I was bullied some - but nothing too bad, thankfully. I think during my childhood - there were a lot of instances when I was "bossed around", rather than bullied. I was so quiet, shy and passive - and I was often around people who had stronger personalities, and I allowed myself to be ordered around by them. And one childhood friend I had seemed to relish in all of this ostentatious bragging and the stroking of her own ego - often at my expense. She would say all of these things to openly flaunt her so-called superiority over me...how her house was supposedly nicer, how she went to a more prestigious school, etc.. I didn't stand up for myself like I should have - which emboldened her and others.

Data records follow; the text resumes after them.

(* Let $M\in\mathbb R^{n\times n}$ be sufficient, $Q\in\mathbb R^{n\times d}$, $q\in\mathbb R^n$ and $S=\{q+Q\theta:\theta\in\mathbb R^d\}$. Then $S_f=S\cap K(M)$ is a convex polyhedron.
   Context: The complementary range $K(M)$ is the set of $q'\in\mathbb R^n$ for which there exist $w,z\in\mathbb R^n$ with $w-Mz=q'$, $w,z\ge0$, $w^Tz=0$. $M$ is column sufficient if $[z_i(Mz)_i\le 0\ \forall i]\Rightarrow[z_i(Mz)_i=0\ \forall i]$; row sufficient if $M^T$ is column sufficient; sufficient if both. *)

theory Defs
  imports "HOL-Analysis.Analysis"
begin

definition compl_range :: "real^'n^'n \<Rightarrow> (real^'n) set" where
  "compl_range M = {q'. \<exists>w z. w - M *v z = q' \<and> (\<forall>i. w $ i \<ge> 0) \<and> (\<forall>i. z $ i \<ge> 0)
                          \<and> w \<bullet> z = 0}"

definition column_sufficient :: "real^'n^'n \<Rightarrow> bool" where
  "column_sufficient M \<longleftrightarrow>
     (\<forall>z. (\<forall>i. z $ i * (M *v z) $ i \<le> 0) \<longrightarrow> (\<forall>i. z $ i * (M *v z) $ i = 0))"

definition row_sufficient :: "real^'n^'n \<Rightarrow> bool" where
  "row_sufficient M \<longleftrightarrow> column_sufficient (transpose M)"

definition sufficient :: "real^'n^'n \<Rightarrow> bool" where
  "sufficient M \<longleftrightarrow> column_sufficient M \<and> row_sufficient M"

end

theory Submission
  imports Defs
begin

(* For row sufficient M, an LCP  w - M z = p, w, z >= 0, w.z = 0  is solvable as
   soon as it is feasible, so the complementary range K(M) is exactly the feasibility cone
   {w - M z | w, z >= 0}, a finitely generated cone and hence a polyhedron.  Intersecting it
   with the affine set {q + Q theta} gives a polyhedron, in particular a convex set.

   Feasibility implies solvability via the quadratic program  min z.(p + M z)  over the
   feasible set P.  The file first shows that this objective (the complementarity gap) has a
   local minimiser in the interior of some ball: otherwise the minimum-norm minimisers on
   larger and larger balls escape to infinity along a recession direction d, and stepping back
   along d contradicts the minimality of their norm.  Second, at such a local minimiser the
   first-order conditions together with Farkas' lemma express the gradient as a nonnegative
   combination of active constraint normals, and row sufficiency forces complementarity. *)

section \<open>The complementarity gap on the feasible set\<close>

definition lcp_feasible :: "real^'n^'n \<Rightarrow> real^'n \<Rightarrow> (real^'n) set" where
  "lcp_feasible M q = {z. \<forall>i. 0 \<le> z$i \<and> 0 \<le> (q + M *v z)$i}"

There was one year in particular that was about the worst for me as far as being the target of more aggressive classmates (mostly other girls) - my quietness/shyness (and also the fact that I was considered a "Goodie Two Shoes") put me at the bottom of the social totem pole. But I don't look back on this period with much of a feeling of residual trauma. And for some reason, things improved the next year (7th grade) - despite the fact that my social anxiety was actually getting worse. I developed a certain "status" (perhaps with the ample help of my teachers); I was praised for being the top student in the class....and instead of this creating a backlash against me, it somehow began to work in my favor, in terms of generating a certain respect and thwarting bullying/animosity. (It also helped that I was known as a sharp dresser during that time, lol - seems that this added to my status.)
My mental condition further deteriorated in high school - but the fact that I went to 3 different high schools in 4 years may have actually helped me in some ways; I got out of dodge before people became too familiar with me and "figured me out". Not that I didn't encounter some problems - particularly at my 3rd high school. I should have gone to a 4th high school for my senior year - lol.